A year and a day ago, the Argentine family in whose posada we were staying invited us to join them for Christmas dinner. For us Englanders, there was a twist: the dinner was held not on Christmas Day, but – in traditional Argentine fashion – late on Christmas Eve. Midnight was greeted with cheers, present-opening and the crackle of fireworks across the Chilecito sky, as the dinner rolled on into the wee small hours of the morning. December 25 was uneventful; by nightfall, the city was more or less back to normal.

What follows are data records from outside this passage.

lemma weighted_gram_downdate:
  assumes "symmetric Q"
  shows "weighted_gram (downdate free Q (V j))
       = (\<lambda>r s. weighted_gram Q r s - weighted_gram Q r j * weighted_gram Q j s / denom free Q (V j))"
  unfolding weighted_gram_def bilin_downdate[OF assms] ..

lemma represents_init: "represents {} {} 1 (\<lambda>a b. of_bool (a = b))"
proof -
  have "weighted_gram (\<lambda>a b. of_bool (a = b)) = gram K V"
    unfolding weighted_gram_def bilin_def gram_def
    by (intro ext) (simp add: of_bool_def if_distrib if_distribR sum.delta cong: if_cong)
  moreover have "0 \<le> bilin (\<lambda>a b. of_bool (a = b)) x x" for x
    unfolding bilin_def
    by (simp add: of_bool_def if_distrib if_distribR sum.delta cong: if_cong) (rule sum_nonneg, simp)
  ultimately show ?thesis
    unfolding represents_def symmetric_def psd_def by auto
qed

lemma represents_free:
  assumes rep: "represents T F c Q" and "j \<notin> T" "j \<notin> F"
  shows "represents T (insert j F) (c * denom True Q (V j)) (downdate True Q (V j))"
proof -
  have sym: "symmetric Q" and "psd Q" "finite T" "finite F" "T \<inter> F = {}"
    and Z: "\<And>R. finite R \<Longrightarrow> R \<inter> T = {} \<Longrightarrow>
      partition_sum (gram K V) (T \<union> R) (F - R) = c * det_on R (weighted_gram Q)"
    using rep unfolding represents_def by auto
  let ?g = "denom True Q (V j)"
  have g: "0 < ?g" "?g = 1 + weighted_gram Q j j"
    using denom_free_pos[OF \<open>psd Q\<close>] by (simp_all add: denom_eq weighted_gram_def)
  have "partition_sum (gram K V) (T \<union> R) (insert j F - R) = c * ?g * det_on R (weighted_gram (downdate True Q (V j)))"
    if R: "finite R" "R \<inter> T = {}" for R
  proof (cases "j \<in> R")
    case True
    then have "partition_sum (gram K V) (T \<union> R) (insert j F - R) = c * det_on R (weighted_gram Q)"
      using Z[OF R] by (simp add: insert_Diff_if)
    also have "det_on R (weighted_gram Q) = ?g * det_on R (weighted_gram (downdate True Q (V j)))"
      unfolding weighted_gram_downdate[OF sym] g(2) using R(1) True g by (intro det_on_rank_one_inside) auto
    finally show ?thesis by simp
  next
    case False
    have "partition_sum (gram K V) (T \<union> R) (insert j F - R)
        = partition_sum (gram K V) (T \<union> R) (F - R) + partition_sum (gram K V) (T \<union> insert j R) (F - insert j R)"
      using False assms(2,3) \<open>finite T\<close> \<open>finite F\<close> R(1)
      by (simp add: insert_Diff_if partition_sum_insert)
    also have "\<dots> = c * (det_on R (weighted_gram Q) + det_on (insert j R) (weighted_gram Q))"
      using Z[OF R] Z[of "insert j R"] R assms(2) by (simp add: algebra_simps)
    also have "det_on R (weighted_gram Q) + det_on (insert j R) (weighted_gram Q)
        = ?g * det_on R (weighted_gram (downdate True Q (V j)))"
      unfolding weighted_gram_downdate[OF sym] g(2) using R(1) False g by (intro det_on_rank_one_outside) auto
    finally show ?thesis by simp
  qed
  then show ?thesis
    using rep assms(2,3) psd_downdate[OF sym \<open>psd Q\<close> g(1)]
    by (auto simp: represents_def symmetric_downdate)
qed
lemma tagged_map_image: "tagged_map fs ` tagged_domain Fs = (\<Union>n. fs n ` Fs n)"
proof
  show "tagged_map fs ` tagged_domain Fs \<subseteq> (\<Union>n. fs n ` Fs n)"
    unfolding tagged_domain_def tagged_map_def by blast
  show "(\<Union>n. fs n ` Fs n) \<subseteq> tagged_map fs ` tagged_domain Fs"
  proof
    fix y assume "y \<in> (\<Union>n. fs n ` Fs n)"
    then obtain n z where z: "z \<in> Fs n" "y = fs n z"
      by blast
    define x where "x k = (case k of 0 \<Rightarrow> real n | Suc j \<Rightarrow> z j)" for k
    have "tail_seq x = z" "nat \<lfloor>x 0\<rfloor> = n" "x 0 \<in> \<nat>"
      unfolding x_def tail_seq_def by simp_all
    then have "x \<in> tagged_domain Fs" "tagged_map fs x = y"
      unfolding tagged_domain_def tagged_map_def using z by simp_all
    then show "y \<in> tagged_map fs ` tagged_domain Fs"
      by blast
  qed
qed

lemma analytic_Union:
  fixes S :: "nat \<Rightarrow> real set"
  assumes "\<And>n. analytic (S n)"
  shows "analytic (\<Union>n. S n)"
proof -
  obtain Fs :: "nat \<Rightarrow> (nat \<Rightarrow> real) set" and fs where
    Fs: "\<And>n. closed (Fs n)" "\<And>n. continuous_on (Fs n) (fs n)" "\<And>n. fs n ` Fs n = S n"
    using analytic_family[of S] assms by metis
  then have "closed (tagged_domain Fs)" "continuous_on (tagged_domain Fs) (tagged_map fs)"
    "tagged_map fs ` tagged_domain Fs = (\<Union>n. S n)"
    by (simp_all add: closed_tagged_domain continuous_on_tagged_map tagged_map_image)
  then show ?thesis
    unfolding analytic_def by blast
qed

text \<open>Via \<open>prod_encode\<close>, a point of \<open>nat \<Rightarrow> real\<close> codes a whole sequence of such points.\<close>

definition component :: "nat \<Rightarrow> (nat \<Rightarrow> 'a) \<Rightarrow> nat \<Rightarrow> 'a" where
  "component n x = (\<lambda>k. x (prod_encode (n, k)))"

lemma continuous_on_component: "continuous_on UNIV (component n :: (nat \<Rightarrow> 'a::topological_space) \<Rightarrow> _)"
  unfolding component_def
  by (intro continuous_on_coordinatewise_then_product continuous_on_product_coordinates)

lemma component_decode: "component n (\<lambda>m. z (fst (prod_decode m)) (snd (prod_decode m))) = z n"
  unfolding component_def by simp

lemma analytic_Inter:
  fixes S :: "nat \<Rightarrow> real set"
  assumes "\<And>n. analytic (S n)"
  shows "analytic (\<Inter>n. S n)"
proof -
  obtain Fs :: "nat \<Rightarrow> (nat \<Rightarrow> real) set" and fs where
    Fs: "\<And>n. closed (Fs n)" "\<And>n. continuous_on (Fs n) (fs n)" "\<And>n. fs n ` Fs n = S n"
    using analytic_family[of S] assms by metis
  define G where "G n = component n -` Fs n" for n
  define g where "g n x = fs n (component n x)" for n x
  have closed_G: "closed (G n)" for n
    unfolding G_def using continuous_closed_preimage[OF continuous_on_component closed_UNIV Fs(1)] by simp
  have cont_g: "continuous_on (G n) (g n)" for n
    unfolding g_def
    by (rule continuous_on_compose2[OF Fs(2) continuous_on_subset[OF continuous_on_component]])
      (auto simp: G_def)
  define F where "F = (\<Inter>n. (G n \<inter> G 0) \<inter> (\<lambda>x. g n x - g 0 x) -` {0})"
  have "closed (G n \<inter> G 0 \<inter> (\<lambda>x. g n x - g 0 x) -` {0})" for n
  proof (rule continuous_closed_preimage)
    show "continuous_on (G n \<inter> G 0) (\<lambda>x. g n x - g 0 x)"
      using continuous_on_subset[OF cont_g[of n], of "G n \<inter> G 0"]
        continuous_on_subset[OF cont_g[of 0], of "G n \<inter> G 0"]
      by (intro continuous_on_diff) auto
    show "closed (G n \<inter> G 0)"
      using closed_G by blast
  qed simp
  then have "closed F"
    unfolding F_def by (simp add: closed_INT)
  moreover have "continuous_on F (g 0)"
    by (rule continuous_on_subset[OF cont_g]) (auto simp: F_def)
  moreover have "g 0 ` F = (\<Inter>n. S n)"
  proof
    show "g 0 ` F \<subseteq> (\<Inter>n. S n)"
    proof
      fix y assume "y \<in> g 0 ` F"
      then obtain x where "x \<in> F" "y = g 0 x"
        by blast
      then have "component n x \<in> Fs n" "fs n (component n x) = y" for n
        unfolding F_def G_def g_def by auto
      then have "y \<in> fs n ` Fs n" for n
        by (metis image_eqI)
      then show "y \<in> (\<Inter>n. S n)"
        by (simp add: Fs(3))
    qed
    show "(\<Inter>n. S n) \<subseteq> g 0 ` F"
    proof
      fix y assume "y \<in> (\<Inter>n. S n)"
      then have "y \<in> fs n ` Fs n" for n
        by (simp add: Fs(3))
      then have "\<forall>n. \<exists>z. z \<in> Fs n \<and> fs n z = y"
        by (metis imageE)
      then obtain z where z: "\<And>n. z n \<in> Fs n \<and> fs n (z n) = y"
        by metis
      define x where "x m = z (fst (prod_decode m)) (snd (prod_decode m))" for m
      have "component n x = z n" for n
        unfolding x_def by (rule component_decode)
      then have "x \<in> F" "g 0 x = y"
        unfolding F_def G_def g_def using z by simp_all
      then show "y \<in> g 0 ` F"
        by blast
    qed
  qed
  ultimately show ?thesis
    unfolding analytic_def by blast
qed

lemma open_eq_Union_infdist_ge:
  fixes U :: "'a::metric_space set"
  assumes "open U" "U \<noteq> UNIV"
  shows "U = (\<Union>n. {x. 1 / real (Suc n) \<le> infdist x (- U)})"
proof
  show "U \<subseteq> (\<Union>n. {x. 1 / real (Suc n) \<le> infdist x (- U)})"
  proof
    fix x assume "x \<in> U"
    then have "infdist x (- U) > 0"
      using infdist_pos_not_in_closed[of "- U" x] assms by auto
    then obtain n where "inverse (real (Suc n)) < infdist x (- U)"
      using reals_Archimedean by blast
    then have "x \<in> {x. 1 / real (Suc n) \<le> infdist x (- U)}"
      by (simp add: inverse_eq_divide)
    then show "x \<in> (\<Union>n. {x. 1 / real (Suc n) \<le> infdist x (- U)})"
      by blast
  qed
  show "(\<Union>n. {x. 1 / real (Suc n) \<le> infdist x (- U)}) \<subseteq> U"
  proof
    fix x assume "x \<in> (\<Union>n. {x. 1 / real (Suc n) \<le> infdist x (- U)})"
    then obtain n where "1 / real (Suc n) \<le> infdist x (- U)"
      by blast
    moreover have "0 < 1 / real (Suc n)"
      by simp
    ultimately have "infdist x (- U) \<noteq> 0"
      by linarith
    then show "x \<in> U"
      using infdist_zero[of x "- U"] by blast
  qed
qed

lemma analytic_open:
  assumes "open U"
  shows "analytic U"
proof (cases "U = UNIV")
  case True
  then show ?thesis
    using analytic_closed[of UNIV] by simp
next
  case False
  have "closed {x::real. 1 / real (Suc n) \<le> infdist x (- U)}" for n
    by (intro closed_Collect_le continuous_intros)
  then have "analytic (\<Union>n. {x::real. 1 / real (Suc n) \<le> infdist x (- U)})"
    by (rule analytic_Union[OF analytic_closed])
  then show ?thesis
    using open_eq_Union_infdist_ge[OF assms False] by simp
qed

lemma sets_borel_closed: "sets borel = sigma_sets UNIV (Collect closed)"
  unfolding borel_eq_closed by (rule sets_measure_of) simp

lemma analytic_borel:
  assumes "(S :: real set) \<in> sets borel"
  shows "analytic S"
proof -
  have "S \<in> sigma_sets UNIV (Collect closed)"
    using assms by (simp only: sets_borel_closed)
  then have "analytic S \<and> analytic (- S)"
  proof (induction rule: sigma_sets.induct)
    case (Basic C)
    then have "closed C"
      by simp
    then show ?case
      using analytic_closed analytic_open open_Compl by blast
  next
    case Empty
    then show ?case
      using analytic_closed[of "{}"] analytic_closed[of UNIV] by simp
  next
    case (Compl C)
    then show ?case
      by (simp add: Compl_eq_Diff_UNIV[symmetric])
  next
    case (Union C)
    have "analytic (\<Union>i. C i)"
      by (rule analytic_Union) (use Union.IH in blast)
    moreover have "analytic (\<Inter>i. - C i)"
      by (rule analytic_Inter) (use Union.IH in blast)
    ultimately show ?case
      by (simp add: Compl_UN)
  qed
  then show ?thesis
    by blast
qed


section \<open>Bernstein sets\<close>

lemma card_of_closed_sets:
  "|{K :: 'a::second_countable_topology set. closed K}| \<le>o |UNIV :: (nat \<Rightarrow> bool) set|"
proof -
  obtain B :: "'a set set" where B: "countable B" "topological_basis B"
    using ex_countable_basis by blast
  define code where "code K = (\<lambda>n. from_nat_into B n \<inter> K = {})" for K
  have notin: "x \<notin> K'" if K: "closed K" and code: "code K = code K'" and x: "x \<notin> K" for K K' x
  proof -
    have "open (- K)" "x \<in> - K"
      using K x by auto
    then obtain b where b: "b \<in> B" "x \<in> b" "b \<subseteq> - K"
      by (rule topological_basisE[OF B(2)])
    then obtain n where n: "from_nat_into B n = b"
      using from_nat_into_surj[OF B(1)] by blast
    have "code K n"
      unfolding code_def n using b(3) by blast
    then have "code K' n"
      using code by simp
    then have "b \<inter> K' = {}"
      unfolding code_def n .
    then show ?thesis
      using b(2) by blast
  qed
  have "inj_on code {K. closed K}"
  proof (rule inj_onI)
    fix K K' assume "K \<in> {K. closed K}" "K' \<in> {K. closed K}" "code K = code K'"
    then have "closed K" "closed K'" "code K = code K'"
      by simp_all
    then have "- K \<subseteq> - K'" "- K' \<subseteq> - K"
      using notin[of K K'] notin[of K' K] by auto
    then show "K = K'"
      by blast
  qed
  then show ?thesis
    by (intro card_of_ordLeq[THEN iffD1] exI[of _ code]) simp
qed

lemma infinite_UNIV_nat_bool: "infinite (UNIV :: (nat \<Rightarrow> bool) set)"
proof
  assume "finite (UNIV :: (nat \<Rightarrow> bool) set)"
  then have "finite (UNIV :: nat set)"
    by (rule finite_fun_UNIVD1) simp
  then show False
    by simp
qed

text \<open>Enumerate the closed sets of size continuum and split each of them; every uncountable
  Borel set contains such a closed set by the perfect set theorem for analytic sets.\<close>

theorem bernstein_set_exists: "\<exists>B. bernstein_set B"
proof -
  define KK where "KK = {K :: real set. closed K \<and> |UNIV :: (nat \<Rightarrow> bool) set| \<le>o |K|}"
  have "|KK| \<le>o |{K :: real set. closed K}|"
    unfolding KK_def by (rule card_of_mono1) blast
  then have KK_le: "|KK| \<le>o |UNIV :: (nat \<Rightarrow> bool) set|"
    using card_of_closed_sets by (rule ordLeq_transitive)
  have large: "infinite K \<and> |KK| \<le>o |K|" if "K \<in> KK" for K
  proof
    have K: "|UNIV :: (nat \<Rightarrow> bool) set| \<le>o |K|"
      using that unfolding KK_def by blast
    then show "infinite K"
      using card_of_ordLeq_finite infinite_UNIV_nat_bool by blast
    show "|KK| \<le>o |K|"
      using KK_le K by (rule ordLeq_transitive)
  qed
  obtain S where S: "\<forall>K\<in>KK. K \<inter> S \<noteq> {} \<and> K - S \<noteq> {}"
    using exists_splitting_set[OF large] by blast
  have contains: "\<exists>K\<in>KK. K \<subseteq> Z" if Z: "Z \<in> sets borel" "uncountable Z" for Z
  proof -
    obtain F :: "(nat \<Rightarrow> real) set" and f where "closed F" "continuous_on F f" "f ` F = Z"
      using analytic_borel[OF Z(1)] unfolding analytic_def by blast
    then interpret uncountable_image F f
      using Z(2) by unfold_locales auto
    obtain K where "closed K" "K \<subseteq> f ` F" "|UNIV :: (nat \<Rightarrow> bool) set| \<le>o |K|"
      using closed_continuum_subset_image by blast
    then have "K \<in> KK" "K \<subseteq> Z"
      unfolding KK_def using \<open>f ` F = Z\<close> by simp_all
    then show ?thesis
      by blast
  qed
  have "Z \<inter> S \<noteq> {} \<and> Z - S \<noteq> {}" if Z: "Z \<in> sets borel" "uncountable Z" for Z
  proof -
    obtain K where "K \<in> KK" "K \<subseteq> Z"
      using contains[OF Z] by blast
    then show ?thesis
      using S by blast
  qed
  then have "bernstein_set S"
    unfolding bernstein_set_def by auto
  then show ?thesis ..
qed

Much like the Argentines, it seems the Mexicans aren’t much for deferred gratification. The family that runs the B&B where we’re currently staying were kind enough to invite us to their Christmas dinner, which began last night at 10pm. For them, as apparently for many Mexican families, the Christmas Eve feast is the main festive event, and December 25 is merely the morning after. Later today, we’re cycling up to the hilltop archaeological site of Monte Albán, which – like all the city’s civic-owned sights and museums – is open on Christmas Day. Then, after dark, we’re taking in a concert and meeting a couple of new friends for drinks, before heading back to pack up as we prepare to continue our journey north tomorrow morning.

Home, if we can still call it that, never feels quite as far away as it does at Christmas. It’s now three years since we had something approaching a normal December – this year in Mexico, last year in the Argentine desert, 2012 in the Homerton Hospital (Will as a three-week in-patient, Ruth as a twice-daily visitor) – and we miss seeing the year draw to a close in London: the crisp air, the lights and the fires, the little customs and traditions that were once embedded in our annual routines. (January, of course, is another matter.) Twelve months from now, we’ll be glad to reacquaint ourselves with the English festive season. In the meantime, though, from the middle of Mexico, have yourselves a merry little Christmas and a happy new year.